Description of the task:
Return copies of the lines below that mention "their".

[Items from a dataset]

____

(* In any packing produced by the algorithm OnlinePacker (described in the context), there are at most two near-empty boxes of each box type.
   Context: Setting: online translational strip packing. The strip is a horizontal strip of height 1, bounded on the left by a vertical segment and unbounded to the right. Pieces arrive one at a time, each must be placed by a translation only, interior-disjoint from previously placed pieces, before the next piece is revealed. Here all pieces are horizontal parallelograms (parallelograms with a pair of horizontal edges, the base edges) of height 1 and width at most 1. Box types: these form an infinite ternary tree. The root, the basic box type, is a 2 x 1 rectangle. A d-dimensional box type is a vector [x_1,...,x_d] in {-1,0,+1}^d and is a horizontal parallelogram of height 1. Given type T = [x_1,...,x_d] with bottom edge b and top edge t, split b into three equal consecutive segments b_{-1}, b_0, b_{+1} (left to right) and t likewise into t_{-1}, t_0, t_{+1}; the child type T ⊕ [x_{d+1}] = [x_1,...,x_d,x_{d+1}] is the parallelogram spanned by b_0 and t_{x_{d+1}}. Thus a d-dimensional type has base edges of length 2·3^{-d}. A box type T matches a piece P if P can be packed into T and area(T) ≤ 6·area(P) (such a type exists for every such P). A type is suitable for P if it is an ancestor (including itself) in the tree of a type matching P. Algorithm OnlinePacker: space in the strip is allocated for boxes of the various types; each box of type T contains either a single piece that T matches, or one, two or three boxes whose types are children of T. When a piece P arrives: if there exists an allocated box B_1 whose type T_1 is suitable for P (with T_1,...,T_k the tree path from T_1 to a type T_k matching P) and B_1 has room for one more box of type T_2, choose such a B_1 as small as possible (maximum dimension); then for i = 1,...,k-1 allocate in B_i a new empty box B_{i+1} of type T_{i+1} placed as far left in B_i as possible, and finally place P in B_k. If no such B_1 exists, allocate a new box of the basic type as far left in the strip as possible (not overlapping already allocated boxes), call it B_1, and proceed the same way. A d-dimensional box is near-empty if exactly one (d+1)-dimensional box is allocated in it. *)

theory Defs
  imports "HOL-Analysis.Analysis"
begin

text \<open>The plane is real \<times> real; first coordinate horizontal, second vertical.
  The strip has height 1, is bounded on the left by x = 0 and unbounded to the right.\<close>

definition strip :: "(real \<times> real) set" where
  "strip = {p. 0 \<le> fst p \<and> 0 \<le> snd p \<and> snd p \<le> 1}"

definition shift :: "real \<times> real \<Rightarrow> (real \<times> real) set \<Rightarrow> (real \<times> real) set" where
  "shift v S = (\<lambda>p. v + p) ` S"

definition idisj :: "(real \<times> real) set \<Rightarrow> (real \<times> real) set \<Rightarrow> bool" where
  "idisj A B \<longleftrightarrow> interior A \<inter> interior B = {}"

definition area :: "(real \<times> real) set \<Rightarrow> real" where
  "area S = measure lborel S"

definition is_hpar :: "(real \<times> real) set \<Rightarrow> bool" where
  "is_hpar P \<longleftrightarrow> (\<exists>a c w s. w > 0 \<and>
      P = convex hull {(a, c), (a + w, c), (a + s, c + 1), (a + s + w, c + 1)})"

definition pwidth :: "(real \<times> real) set \<Rightarrow> real" where
  "pwidth P = (SUP p\<in>P. fst p) - (INF p\<in>P. fst p)"

definition packs_into :: "(real \<times> real) set \<Rightarrow> (real \<times> real) set \<Rightarrow> bool" where
  "packs_into P S \<longleftrightarrow> (\<exists>v. shift v P \<subseteq> S)"

definition valid_type :: "int list \<Rightarrow> bool" where
  "valid_type T \<longleftrightarrow> set T \<subseteq> {-1, 0, 1}"

text \<open>Edges of a type: ((bottom left, bottom right), (top left, top right)).
  The child T @ [x] is spanned by the middle third of the bottom edge and the
  x-th third (x = -1, 0, +1 from left to right) of the top edge.\<close>
definition child_edges ::
  "(real \<times> real) \<times> (real \<times> real) \<Rightarrow> int \<Rightarrow> (real \<times> real) \<times> (real \<times> real)" where
  "child_edges e x =
     (let b = fst e; t = snd e; L = (snd b - fst b) / 3; M = (snd t - fst t) / 3
      in ((fst b + L, fst b + 2 * L),
          (fst t + (of_int x + 1) * M, fst t + (of_int x + 2) * M)))"

definition type_edges :: "int list \<Rightarrow> (real \<times> real) \<times> (real \<times> real)" where
  "type_edges T = foldl child_edges ((0, 2), (0, 2)) T"

text \<open>Canonical copy of the box type (bottom edge at height 0, top edge at height 1);
  the basic type [] is the rectangle [0,2] \<times> [0,1].\<close>
definition type_shape :: "int list \<Rightarrow> (real \<times> real) set" where
  "type_shape T = (let b = fst (type_edges T); t = snd (type_edges T) in
     convex hull {(fst b, 0), (snd b, 0), (fst t, 1), (snd t, 1)})"

definition placed :: "int list \<Rightarrow> real \<times> real \<Rightarrow> (real \<times> real) set" where
  "placed T v = shift v (type_shape T)"

definition matches :: "int list \<Rightarrow> (real \<times> real) set \<Rightarrow> bool" where
  "matches T P \<longleftrightarrow> valid_type T \<and> packs_into P (type_shape T)
      \<and> area (type_shape T) \<le> 6 * area P"

text \<open>An allocated box: its type, its translation vector, and its parent box
  (None for boxes of the basic type allocated directly in the strip).
  Boxes are identified by their index in the list of allocated boxes;
  pieces are recorded with their placed position and the index of the box containing them.\<close>
record box =
  btype :: "int list"
  bpos :: "real \<times> real"
  bparent :: "nat option"

record pstate =
  boxes :: "box list"
  pieces :: "((real \<times> real) set \<times> nat) list"

definition box_set :: "pstate \<Rightarrow> nat \<Rightarrow> (real \<times> real) set" where
  "box_set st i = placed (btype (boxes st ! i)) (bpos (boxes st ! i))"

definition children :: "pstate \<Rightarrow> nat \<Rightarrow> nat set" where
  "children st i = {j. j < length (boxes st) \<and> bparent (boxes st ! j) = Some i}"

definition has_piece :: "pstate \<Rightarrow> nat \<Rightarrow> bool" where
  "has_piece st i \<longleftrightarrow> (\<exists>q\<in>set (pieces st). snd q = i)"

definition near_empty :: "pstate \<Rightarrow> nat \<Rightarrow> bool" where
  "near_empty st i \<longleftrightarrow> card (children st i) = 1"

definition add_box :: "pstate \<Rightarrow> int list \<Rightarrow> real \<times> real \<Rightarrow> nat option \<Rightarrow> pstate" where
  "add_box st T v p = st\<lparr>boxes := boxes st @ [\<lparr>btype = T, bpos = v, bparent = p\<rparr>]\<rparr>"

definition add_piece :: "pstate \<Rightarrow> (real \<times> real) set \<Rightarrow> nat \<Rightarrow> pstate" where
  "add_piece st Q i = st\<lparr>pieces := pieces st @ [(Q, i)]\<rparr>"

definition fits_child :: "pstate \<Rightarrow> nat \<Rightarrow> int list \<Rightarrow> real \<times> real \<Rightarrow> bool" where
  "fits_child st i T v \<longleftrightarrow> placed T v \<subseteq> box_set st i
     \<and> (\<forall>j\<in>children st i. idisj (placed T v) (box_set st j))"

definition leftmost_child :: "pstate \<Rightarrow> nat \<Rightarrow> int list \<Rightarrow> real \<times> real \<Rightarrow> bool" where
  "leftmost_child st i T v \<longleftrightarrow> fits_child st i T v
     \<and> (\<forall>v'. fits_child st i T v' \<longrightarrow> fst v \<le> fst v')"

definition fits_strip :: "pstate \<Rightarrow> real \<times> real \<Rightarrow> bool" where
  "fits_strip st v \<longleftrightarrow> placed [] v \<subseteq> strip
     \<and> (\<forall>j < length (boxes st). idisj (placed [] v) (box_set st j))"

definition leftmost_strip :: "pstate \<Rightarrow> real \<times> real \<Rightarrow> bool" where
  "leftmost_strip st v \<longleftrightarrow> fits_strip st v \<and> (\<forall>v'. fits_strip st v' \<longrightarrow> fst v \<le> fst v')"

text \<open>(i, Tk) is a candidate for B_1: box i is allocated, holds no piece, its type T_1 is a
  proper ancestor of the matching type Tk, and it has room for one more box of type T_2.\<close>
definition candidate :: "pstate \<Rightarrow> (real \<times> real) set \<Rightarrow> nat \<Rightarrow> int list \<Rightarrow> bool" where
  "candidate st P i Tk \<longleftrightarrow> i < length (boxes st) \<and> \<not> has_piece st i \<and> matches Tk P
     \<and> take (length (btype (boxes st ! i))) Tk = btype (boxes st ! i)
     \<and> length (btype (boxes st ! i)) < length Tk
     \<and> (\<exists>v. fits_child st i (take (Suc (length (btype (boxes st ! i)))) Tk) v)"

inductive alloc_chain :: "pstate \<Rightarrow> nat \<Rightarrow> int list list \<Rightarrow> pstate \<Rightarrow> nat \<Rightarrow> bool" where
  nil: "alloc_chain st p [] st p"
| cons: "leftmost_child st p T v \<Longrightarrow>
         alloc_chain (add_box st T v (Some p)) (length (boxes st)) Ts st' q \<Longrightarrow>
         alloc_chain st p (T # Ts) st' q"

____

Solution to the exercise:
  Boxes are identified by their index in the list of allocated boxes;
  pieces are recorded with their placed position and the index of the box containing them.\<close>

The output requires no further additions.